Researchers demonstrate DNA-based electronic memory controlled by metal ions, enabling read-write-erase functions on a chip and opening pathways for ultra-dense, low-power molecular data storage systems.
A team of researchers at New York University has demonstrated a DNA-based electronic memory system that can store, process, and retrieve data, marking a step toward integrating biological molecules directly into electronic hardware.
The study, led by scientists at New York University and Arizona State University, shows that a single DNA strand can function as an electronic switch when combined with metal ions and connected to a microchip. This enables the DNA to act not just as storage, but as an active component in electronic circuits. The advancement hinges on controlling metal ions embedded within the DNA structure. By adjusting pH levels, researchers were able to swap mercury ions with silver ions inside the DNA double helix. This exchange alters the molecule’s electrical conductivity effectively switching it between different electronic states.
When integrated with molecular leads and a chip, these conductivity changes translate into measurable electrical signals.

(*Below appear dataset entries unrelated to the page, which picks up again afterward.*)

lemma has_real_derivative_line_supported:
  fixes g :: "real^'n::finite \<Rightarrow> real"
  assumes "Ck 1 g" and "finite S" and "\<And>r. r \<notin> S \<Longrightarrow> w $ r = 0"
  shows "((\<lambda>t. g (x + t *\<^sub>R w)) has_real_derivative (\<Sum>r\<in>S. w $ r * pd r g x)) (at 0)"
  using assms(2,3)
proof (induction S arbitrary: w rule: finite_induct)
  case empty
  then have "w = 0" by (simp add: vec_eq_iff)
  then show ?case by simp
next
  case (insert a S)
  define w' where "w' = w - (w $ a) *\<^sub>R axis a 1"
  have "((\<lambda>t. g (x + t *\<^sub>R w')) has_real_derivative (\<Sum>r\<in>S. w' $ r * pd r g x)) (at 0)"
    using insert by (intro insert.IH) (auto simp: w'_def axis_def)
  from DERIV_add[OF has_real_derivative_line_add_axis[OF assms(1), of x w' "w $ a" a] this]
  have "((\<lambda>t. g (x + t *\<^sub>R w)) has_real_derivative w $ a * pd a g x + (\<Sum>r\<in>S. w' $ r * pd r g x)) (at 0)"
    by (simp add: w'_def)
  moreover have "(\<Sum>r\<in>S. w' $ r * pd r g x) = (\<Sum>r\<in>S. w $ r * pd r g x)"
    using insert.hyps by (intro sum.cong) (auto simp: w'_def axis_def)
  ultimately show ?case
    using insert.hyps by simp
qed

lemma has_real_derivative_line:
  fixes g :: "real^'n::finite \<Rightarrow> real"
  assumes "Ck 1 g"
  shows "((\<lambda>t. g (x + t *\<^sub>R w)) has_real_derivative (\<Sum>r\<in>UNIV. w $ r * pd r g x)) (at 0)"
  using has_real_derivative_line_supported[OF assms, of UNIV] by simp

lemma has_real_derivative_comp_linear:
  fixes g :: "real^'n::finite \<Rightarrow> real" and L :: "real^'m::finite \<Rightarrow> real^'n"
  assumes "Ck 1 g" and "linear L"
  shows "((\<lambda>h. g (L (F + h *\<^sub>R axis k 1))) has_real_derivative
           (\<Sum>r\<in>UNIV. L (axis k 1) $ r * pd r g (L F))) (at 0)"
  using has_real_derivative_line[OF assms(1), of "L F" "L (axis k 1)"] assms(2)
  by (simp add: linear_add linear_scale)

lemma pd3_comp_linear:
  fixes g :: "real^'n::finite \<Rightarrow> real" and L :: "real^'m::finite \<Rightarrow> real^'n"
  assumes "Ck 3 g" and "linear L"
  shows "pd i (pd j (pd k (\<lambda>F. c * g (L F)))) F =
    c * (\<Sum>t\<in>UNIV. \<Sum>s\<in>UNIV. \<Sum>r\<in>UNIV. L (axis i 1) $ r * L (axis j 1) $ s * L (axis k 1) $ t * pd r (pd s (pd t g)) (L F))"
proof -
  have C1: "Ck 1 g" "Ck 1 (pd t g)" "Ck 1 (pd s (pd t g))" for s t
    using assms(1) Ck_le[OF assms(1)] by (simp_all add: numeral_eq_Suc)
  have d1: "pd k (\<lambda>F. c * g (L F)) = (\<lambda>F. c * (\<Sum>t\<in>UNIV. L (axis k 1) $ t * pd t g (L F)))"
    by (rule ext, unfold pd_def[of k])
      (intro DERIV_imp_deriv DERIV_cmult has_real_derivative_comp_linear C1 assms(2))
  have d2: "pd j (pd k (\<lambda>F. c * g (L F))) = (\<lambda>F. c * (\<Sum>t\<in>UNIV. L (axis k 1) $ t *
      (\<Sum>s\<in>UNIV. L (axis j 1) $ s * pd s (pd t g) (L F))))"
    by (rule ext, unfold d1 pd_def[of j])
      (intro DERIV_imp_deriv DERIV_cmult DERIV_sum has_real_derivative_comp_linear C1 assms(2))
  have "((\<lambda>h. c * (\<Sum>t\<in>UNIV. L (axis k 1) $ t * (\<Sum>s\<in>UNIV. L (axis j 1) $ s * pd s (pd t g) (L (F + h *\<^sub>R axis i 1)))))
      has_real_derivative c * (\<Sum>t\<in>UNIV. L (axis k 1) $ t * (\<Sum>s\<in>UNIV. L (axis j 1) $ s *
         (\<Sum>r\<in>UNIV. L (axis i 1) $ r * pd r (pd s (pd t g)) (L F))))) (at 0)"
    by (intro DERIV_cmult DERIV_sum has_real_derivative_comp_linear C1 assms(2))
  then show ?thesis
    unfolding d2 pd_def[of i]
    by (simp add: DERIV_imp_deriv sum_distrib_left mult_ac)
qed

lemma has_derivative_imp_line_derivative:
  fixes f :: "real^'n::finite \<Rightarrow> real"
  assumes "(f has_derivative D) (at (x + t *\<^sub>R e))"
  shows "((\<lambda>s. f (x + s *\<^sub>R e)) has_real_derivative D e) (at t)"
proof -
  have "((\<lambda>s. x + s *\<^sub>R e) has_derivative (\<lambda>s. s *\<^sub>R e)) (at t)"
    by (auto intro!: derivative_eq_intros)
  from has_derivative_compose[OF this assms]
  have "((\<lambda>s. f (x + s *\<^sub>R e)) has_derivative (\<lambda>s. D (s *\<^sub>R e))) (at t)"
    by (simp add: o_def)
  moreover have "(\<lambda>s. D (s *\<^sub>R e)) = (*) (D e)"
    using has_derivative_bounded_linear[OF assms]
    by (simp add: fun_eq_iff linear_simps bounded_linear.linear mult.commute)
  ultimately show ?thesis
    by (simp add: has_field_derivative_def)
qed

lemma pd_eq_has_derivative:
  fixes f :: "real^'n::finite \<Rightarrow> real"
  assumes "(f has_derivative D) (at x)"
  shows "pd i f x = D (axis i 1)"
  unfolding pd_def using has_derivative_imp_line_derivative[of f D x 0 "axis i 1"] assms
  by (simp add: DERIV_imp_deriv)

lemma has_real_derivative_pd_differentiable:
  fixes f :: "real^'n::finite \<Rightarrow> real"
  assumes "f differentiable (at (x + t *\<^sub>R axis i 1))"
  shows "((\<lambda>s. f (x + s *\<^sub>R axis i 1)) has_real_derivative pd i f (x + t *\<^sub>R axis i 1)) (at t)"
proof -
  obtain D where "(f has_derivative D) (at (x + t *\<^sub>R axis i 1))"
    using assms differentiable_def by blast
  then show ?thesis
    using has_derivative_imp_line_derivative pd_eq_has_derivative by metis
qed

definition second_difference :: "(real^'n::finite \<Rightarrow> real) \<Rightarrow> 'n \<Rightarrow> 'n \<Rightarrow> real^'n \<Rightarrow> real \<Rightarrow> real" where
  "second_difference f i j x h =
     f (x + h *\<^sub>R axis i 1 + h *\<^sub>R axis j 1) - f (x + h *\<^sub>R axis i 1) - f (x + h *\<^sub>R axis j 1) + f x"

lemma second_difference_commute: "second_difference f i j x h = second_difference f j i x h"
  by (simp add: second_difference_def algebra_simps)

This allows the system to perform core memory functions, including writing, reading, and erasing digital information similar to conventional semiconductor memory, but at a molecular scale. Unlike traditional silicon-based memory, which relies on charge storage in transistors, this approach embeds computation and storage directly within the DNA structure. The result is a highly compact system that could significantly increase data density while reducing energy consumption.
Researchers describe the system as an early version of a “DNA transistor,” pointing to future possibilities where biological molecules are integrated into nanoelectronic architectures. Such systems could blur the boundary between chemistry and electronics, enabling new forms of computing hardware. One of the major challenges in DNA data storage has been efficient data retrieval. By introducing electrical control, the new method provides a direct interface between molecular storage and electronic readout, potentially overcoming this limitation.
The work is still at an experimental stage, but it highlights a broader shift toward molecular electronics, where information processing occurs at the scale of atoms and molecules. If scalable, DNA-based memory could complement or even extend beyond silicon technologies, offering ultra-dense storage and new architectures for low-power computing in future electronic systems.